[YOUR GOAL] For this listing, the lines between the one holding "qed (fact b(1))" and the one holding "using general_position_neq[OF assms(1)]", inclusive, must be set down exactly.
◆ ◆ ◆ ◆ ◆ ◆ ◆
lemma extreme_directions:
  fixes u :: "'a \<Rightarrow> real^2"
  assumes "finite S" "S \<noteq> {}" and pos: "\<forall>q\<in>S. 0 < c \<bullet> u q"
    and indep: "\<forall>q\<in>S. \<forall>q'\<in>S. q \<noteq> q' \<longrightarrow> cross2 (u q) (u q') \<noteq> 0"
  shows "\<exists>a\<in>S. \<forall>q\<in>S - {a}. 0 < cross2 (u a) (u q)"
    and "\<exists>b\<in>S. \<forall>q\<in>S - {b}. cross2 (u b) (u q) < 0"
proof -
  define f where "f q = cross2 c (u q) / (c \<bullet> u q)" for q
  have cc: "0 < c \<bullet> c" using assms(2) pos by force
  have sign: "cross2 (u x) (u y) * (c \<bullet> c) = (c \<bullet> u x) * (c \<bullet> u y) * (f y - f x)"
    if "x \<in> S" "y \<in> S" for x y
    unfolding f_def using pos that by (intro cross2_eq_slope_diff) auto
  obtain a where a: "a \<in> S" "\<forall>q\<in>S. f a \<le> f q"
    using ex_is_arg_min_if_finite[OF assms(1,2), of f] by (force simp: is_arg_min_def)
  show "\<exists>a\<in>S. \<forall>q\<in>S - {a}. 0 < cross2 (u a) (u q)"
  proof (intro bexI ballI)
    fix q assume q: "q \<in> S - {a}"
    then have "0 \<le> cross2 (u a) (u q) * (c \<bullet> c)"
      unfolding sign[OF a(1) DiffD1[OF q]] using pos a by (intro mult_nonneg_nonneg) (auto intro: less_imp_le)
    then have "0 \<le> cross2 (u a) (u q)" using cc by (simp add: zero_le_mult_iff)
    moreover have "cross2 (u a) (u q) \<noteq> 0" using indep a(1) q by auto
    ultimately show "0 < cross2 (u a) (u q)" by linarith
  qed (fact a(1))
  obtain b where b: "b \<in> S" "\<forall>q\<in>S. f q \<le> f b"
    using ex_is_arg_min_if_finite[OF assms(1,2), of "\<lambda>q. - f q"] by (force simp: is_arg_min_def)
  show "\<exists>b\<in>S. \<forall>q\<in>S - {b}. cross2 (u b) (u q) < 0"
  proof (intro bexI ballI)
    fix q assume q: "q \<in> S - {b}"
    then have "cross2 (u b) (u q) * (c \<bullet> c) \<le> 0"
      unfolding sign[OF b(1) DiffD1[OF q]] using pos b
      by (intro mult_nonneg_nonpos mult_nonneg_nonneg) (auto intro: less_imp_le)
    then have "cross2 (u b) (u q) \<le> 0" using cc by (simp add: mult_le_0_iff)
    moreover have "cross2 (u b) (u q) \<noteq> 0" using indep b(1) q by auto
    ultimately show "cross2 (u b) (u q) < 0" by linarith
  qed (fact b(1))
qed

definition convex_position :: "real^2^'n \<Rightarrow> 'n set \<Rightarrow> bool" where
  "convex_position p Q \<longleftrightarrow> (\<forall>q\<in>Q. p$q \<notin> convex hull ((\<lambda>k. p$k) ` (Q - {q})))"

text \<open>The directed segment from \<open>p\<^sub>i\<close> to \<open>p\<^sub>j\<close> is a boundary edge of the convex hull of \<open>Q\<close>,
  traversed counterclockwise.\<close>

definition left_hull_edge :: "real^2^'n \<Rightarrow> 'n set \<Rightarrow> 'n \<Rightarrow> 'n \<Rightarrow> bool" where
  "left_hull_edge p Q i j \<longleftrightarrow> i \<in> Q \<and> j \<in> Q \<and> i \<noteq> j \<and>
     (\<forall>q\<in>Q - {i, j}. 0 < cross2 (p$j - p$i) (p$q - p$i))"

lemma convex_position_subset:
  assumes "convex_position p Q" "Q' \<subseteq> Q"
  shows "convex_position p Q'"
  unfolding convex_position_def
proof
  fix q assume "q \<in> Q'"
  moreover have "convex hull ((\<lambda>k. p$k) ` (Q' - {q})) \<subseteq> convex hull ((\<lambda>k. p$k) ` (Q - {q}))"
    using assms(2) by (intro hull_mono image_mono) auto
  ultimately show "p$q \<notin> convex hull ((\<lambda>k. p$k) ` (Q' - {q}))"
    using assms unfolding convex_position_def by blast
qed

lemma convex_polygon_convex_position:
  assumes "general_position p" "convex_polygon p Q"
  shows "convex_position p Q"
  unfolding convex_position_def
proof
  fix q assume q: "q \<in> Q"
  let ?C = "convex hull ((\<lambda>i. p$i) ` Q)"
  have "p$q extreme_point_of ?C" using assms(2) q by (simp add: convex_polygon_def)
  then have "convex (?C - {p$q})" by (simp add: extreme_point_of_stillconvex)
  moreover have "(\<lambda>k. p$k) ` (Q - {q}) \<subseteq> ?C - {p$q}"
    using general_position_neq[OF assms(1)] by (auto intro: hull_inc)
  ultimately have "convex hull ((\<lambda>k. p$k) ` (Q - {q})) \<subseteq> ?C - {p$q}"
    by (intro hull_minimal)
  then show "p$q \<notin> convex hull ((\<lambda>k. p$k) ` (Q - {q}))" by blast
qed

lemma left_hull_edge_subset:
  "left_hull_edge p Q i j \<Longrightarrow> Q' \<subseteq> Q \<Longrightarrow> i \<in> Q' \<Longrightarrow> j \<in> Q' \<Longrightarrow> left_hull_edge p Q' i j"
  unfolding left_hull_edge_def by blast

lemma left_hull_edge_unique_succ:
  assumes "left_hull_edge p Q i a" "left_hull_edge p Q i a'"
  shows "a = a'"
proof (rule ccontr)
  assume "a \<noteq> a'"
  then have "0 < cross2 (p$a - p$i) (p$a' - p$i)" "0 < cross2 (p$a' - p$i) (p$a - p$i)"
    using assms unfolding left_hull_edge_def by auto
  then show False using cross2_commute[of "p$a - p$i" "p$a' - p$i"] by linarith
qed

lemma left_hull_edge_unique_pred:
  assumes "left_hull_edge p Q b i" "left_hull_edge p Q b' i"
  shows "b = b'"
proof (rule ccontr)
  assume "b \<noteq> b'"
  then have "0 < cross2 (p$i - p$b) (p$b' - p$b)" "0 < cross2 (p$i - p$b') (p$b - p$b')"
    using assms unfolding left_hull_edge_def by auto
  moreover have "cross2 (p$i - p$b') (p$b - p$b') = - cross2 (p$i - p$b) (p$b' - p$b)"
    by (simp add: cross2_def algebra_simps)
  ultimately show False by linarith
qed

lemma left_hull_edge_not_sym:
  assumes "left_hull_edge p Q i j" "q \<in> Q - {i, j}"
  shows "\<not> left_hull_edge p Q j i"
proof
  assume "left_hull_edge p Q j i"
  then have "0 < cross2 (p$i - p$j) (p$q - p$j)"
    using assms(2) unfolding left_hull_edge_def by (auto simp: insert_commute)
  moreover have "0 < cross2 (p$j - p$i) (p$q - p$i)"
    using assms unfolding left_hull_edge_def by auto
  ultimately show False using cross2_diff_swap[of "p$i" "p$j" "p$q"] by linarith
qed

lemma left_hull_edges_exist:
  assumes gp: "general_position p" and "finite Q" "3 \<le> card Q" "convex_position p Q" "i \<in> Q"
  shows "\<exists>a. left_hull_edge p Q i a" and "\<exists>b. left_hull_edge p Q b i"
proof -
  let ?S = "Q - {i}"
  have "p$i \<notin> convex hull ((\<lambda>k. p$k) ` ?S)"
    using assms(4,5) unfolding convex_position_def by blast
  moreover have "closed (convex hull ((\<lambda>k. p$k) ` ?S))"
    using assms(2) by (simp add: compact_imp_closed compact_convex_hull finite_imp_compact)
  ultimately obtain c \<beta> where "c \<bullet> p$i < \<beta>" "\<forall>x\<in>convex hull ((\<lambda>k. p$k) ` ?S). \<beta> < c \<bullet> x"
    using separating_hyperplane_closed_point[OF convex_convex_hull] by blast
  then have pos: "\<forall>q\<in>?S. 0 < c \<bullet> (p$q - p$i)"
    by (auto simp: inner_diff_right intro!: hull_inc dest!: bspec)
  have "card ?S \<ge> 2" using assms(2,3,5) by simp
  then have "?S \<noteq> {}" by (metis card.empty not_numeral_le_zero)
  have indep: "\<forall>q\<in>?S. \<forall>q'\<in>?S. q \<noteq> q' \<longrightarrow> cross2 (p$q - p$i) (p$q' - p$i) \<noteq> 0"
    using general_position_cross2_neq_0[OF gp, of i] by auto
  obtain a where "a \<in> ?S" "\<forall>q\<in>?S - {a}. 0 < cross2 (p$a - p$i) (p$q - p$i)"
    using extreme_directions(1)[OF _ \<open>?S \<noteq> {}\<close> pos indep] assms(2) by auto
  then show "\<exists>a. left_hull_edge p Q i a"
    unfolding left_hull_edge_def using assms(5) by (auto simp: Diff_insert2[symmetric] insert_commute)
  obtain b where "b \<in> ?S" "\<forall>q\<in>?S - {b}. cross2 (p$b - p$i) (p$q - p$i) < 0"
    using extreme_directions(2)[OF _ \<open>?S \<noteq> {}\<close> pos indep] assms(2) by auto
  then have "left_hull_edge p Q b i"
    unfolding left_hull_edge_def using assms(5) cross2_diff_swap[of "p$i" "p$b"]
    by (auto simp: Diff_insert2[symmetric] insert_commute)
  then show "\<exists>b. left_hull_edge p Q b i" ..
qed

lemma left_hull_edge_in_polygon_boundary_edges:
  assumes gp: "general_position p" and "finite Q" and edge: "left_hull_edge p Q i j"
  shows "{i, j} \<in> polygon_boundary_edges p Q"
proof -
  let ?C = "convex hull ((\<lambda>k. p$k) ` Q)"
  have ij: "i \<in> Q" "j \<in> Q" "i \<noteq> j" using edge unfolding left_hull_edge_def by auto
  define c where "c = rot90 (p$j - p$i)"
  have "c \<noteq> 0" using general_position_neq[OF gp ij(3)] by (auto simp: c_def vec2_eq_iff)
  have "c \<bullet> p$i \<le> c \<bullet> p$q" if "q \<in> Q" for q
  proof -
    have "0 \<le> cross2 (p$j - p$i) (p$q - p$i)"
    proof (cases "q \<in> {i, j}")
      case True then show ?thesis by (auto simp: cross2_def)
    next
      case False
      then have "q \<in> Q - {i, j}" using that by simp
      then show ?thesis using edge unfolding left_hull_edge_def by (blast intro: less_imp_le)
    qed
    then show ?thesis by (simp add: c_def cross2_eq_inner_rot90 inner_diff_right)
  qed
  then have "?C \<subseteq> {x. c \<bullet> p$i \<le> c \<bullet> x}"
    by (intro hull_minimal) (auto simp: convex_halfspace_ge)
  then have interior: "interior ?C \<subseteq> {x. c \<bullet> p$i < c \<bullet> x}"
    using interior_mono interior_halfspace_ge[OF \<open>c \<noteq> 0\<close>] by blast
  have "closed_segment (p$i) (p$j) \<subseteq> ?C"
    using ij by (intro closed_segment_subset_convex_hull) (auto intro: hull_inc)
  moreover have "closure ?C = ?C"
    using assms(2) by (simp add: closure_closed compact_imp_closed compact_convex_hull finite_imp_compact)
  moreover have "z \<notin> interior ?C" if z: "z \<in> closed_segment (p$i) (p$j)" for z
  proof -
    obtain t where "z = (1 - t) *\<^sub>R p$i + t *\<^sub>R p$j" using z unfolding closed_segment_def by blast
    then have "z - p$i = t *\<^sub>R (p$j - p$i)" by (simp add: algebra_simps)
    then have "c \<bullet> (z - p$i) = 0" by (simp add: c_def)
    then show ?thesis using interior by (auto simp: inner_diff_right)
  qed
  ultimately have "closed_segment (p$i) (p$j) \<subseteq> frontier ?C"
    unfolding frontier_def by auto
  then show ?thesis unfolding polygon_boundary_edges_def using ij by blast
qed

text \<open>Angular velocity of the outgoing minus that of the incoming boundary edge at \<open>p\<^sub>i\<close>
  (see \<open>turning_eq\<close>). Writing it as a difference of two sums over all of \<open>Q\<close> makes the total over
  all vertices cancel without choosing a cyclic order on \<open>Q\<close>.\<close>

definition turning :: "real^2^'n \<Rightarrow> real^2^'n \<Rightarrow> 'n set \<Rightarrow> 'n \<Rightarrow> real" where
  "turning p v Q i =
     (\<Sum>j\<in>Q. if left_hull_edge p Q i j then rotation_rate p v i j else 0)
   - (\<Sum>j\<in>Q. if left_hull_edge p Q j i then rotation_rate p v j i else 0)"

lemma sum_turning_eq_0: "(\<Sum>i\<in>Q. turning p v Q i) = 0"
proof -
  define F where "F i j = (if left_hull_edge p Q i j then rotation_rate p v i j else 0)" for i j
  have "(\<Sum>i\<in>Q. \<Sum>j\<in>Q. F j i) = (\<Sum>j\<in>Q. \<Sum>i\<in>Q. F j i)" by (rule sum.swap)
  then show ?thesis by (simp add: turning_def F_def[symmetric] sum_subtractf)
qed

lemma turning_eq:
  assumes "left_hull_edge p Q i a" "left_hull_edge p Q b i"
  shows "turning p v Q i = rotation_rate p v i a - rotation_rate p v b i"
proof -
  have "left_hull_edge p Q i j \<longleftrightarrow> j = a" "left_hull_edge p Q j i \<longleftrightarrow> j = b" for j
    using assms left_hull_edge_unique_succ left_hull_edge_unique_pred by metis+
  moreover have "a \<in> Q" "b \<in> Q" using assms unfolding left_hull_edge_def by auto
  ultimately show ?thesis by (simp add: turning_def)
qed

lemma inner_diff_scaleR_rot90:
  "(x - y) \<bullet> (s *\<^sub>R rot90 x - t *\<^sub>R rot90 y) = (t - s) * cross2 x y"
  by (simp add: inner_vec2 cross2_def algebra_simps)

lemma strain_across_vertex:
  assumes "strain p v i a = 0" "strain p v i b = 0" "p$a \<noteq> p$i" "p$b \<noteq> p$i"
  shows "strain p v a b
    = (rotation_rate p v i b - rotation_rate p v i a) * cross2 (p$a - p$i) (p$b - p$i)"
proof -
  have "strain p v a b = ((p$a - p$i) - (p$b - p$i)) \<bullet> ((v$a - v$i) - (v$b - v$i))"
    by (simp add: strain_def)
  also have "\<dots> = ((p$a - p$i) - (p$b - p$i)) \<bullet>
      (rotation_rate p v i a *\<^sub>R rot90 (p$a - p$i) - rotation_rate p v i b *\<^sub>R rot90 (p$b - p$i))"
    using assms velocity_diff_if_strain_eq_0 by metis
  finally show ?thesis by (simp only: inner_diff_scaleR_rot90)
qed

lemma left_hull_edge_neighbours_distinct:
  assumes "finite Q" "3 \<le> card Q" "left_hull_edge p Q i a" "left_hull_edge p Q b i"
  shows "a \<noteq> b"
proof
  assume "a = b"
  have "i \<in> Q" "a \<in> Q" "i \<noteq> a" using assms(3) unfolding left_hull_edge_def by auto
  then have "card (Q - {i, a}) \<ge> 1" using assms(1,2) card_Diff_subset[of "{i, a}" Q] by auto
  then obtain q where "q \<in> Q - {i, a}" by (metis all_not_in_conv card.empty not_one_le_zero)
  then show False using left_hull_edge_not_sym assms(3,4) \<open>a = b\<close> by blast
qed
◆ ◆ ◆ ◆ ◆ ◆ ◆
[RESPONSE]
  qed (fact b(1))
qed

definition convex_position :: "real^2^'n \<Rightarrow> 'n set \<Rightarrow> bool" where
  "convex_position p Q \<longleftrightarrow> (\<forall>q\<in>Q. p$q \<notin> convex hull ((\<lambda>k. p$k) ` (Q - {q})))"

text \<open>The directed segment from \<open>p\<^sub>i\<close> to \<open>p\<^sub>j\<close> is a boundary edge of the convex hull of \<open>Q\<close>,
  traversed counterclockwise.\<close>

definition left_hull_edge :: "real^2^'n \<Rightarrow> 'n set \<Rightarrow> 'n \<Rightarrow> 'n \<Rightarrow> bool" where
  "left_hull_edge p Q i j \<longleftrightarrow> i \<in> Q \<and> j \<in> Q \<and> i \<noteq> j \<and>
     (\<forall>q\<in>Q - {i, j}. 0 < cross2 (p$j - p$i) (p$q - p$i))"

lemma convex_position_subset:
  assumes "convex_position p Q" "Q' \<subseteq> Q"
  shows "convex_position p Q'"
  unfolding convex_position_def
proof
  fix q assume "q \<in> Q'"
  moreover have "convex hull ((\<lambda>k. p$k) ` (Q' - {q})) \<subseteq> convex hull ((\<lambda>k. p$k) ` (Q - {q}))"
    using assms(2) by (intro hull_mono image_mono) auto
  ultimately show "p$q \<notin> convex hull ((\<lambda>k. p$k) ` (Q' - {q}))"
    using assms unfolding convex_position_def by blast
qed

lemma convex_polygon_convex_position:
  assumes "general_position p" "convex_polygon p Q"
  shows "convex_position p Q"
  unfolding convex_position_def
proof
  fix q assume q: "q \<in> Q"
  let ?C = "convex hull ((\<lambda>i. p$i) ` Q)"
  have "p$q extreme_point_of ?C" using assms(2) q by (simp add: convex_polygon_def)
  then have "convex (?C - {p$q})" by (simp add: extreme_point_of_stillconvex)
  moreover have "(\<lambda>k. p$k) ` (Q - {q}) \<subseteq> ?C - {p$q}"
    using general_position_neq[OF assms(1)] by (auto intro: hull_inc)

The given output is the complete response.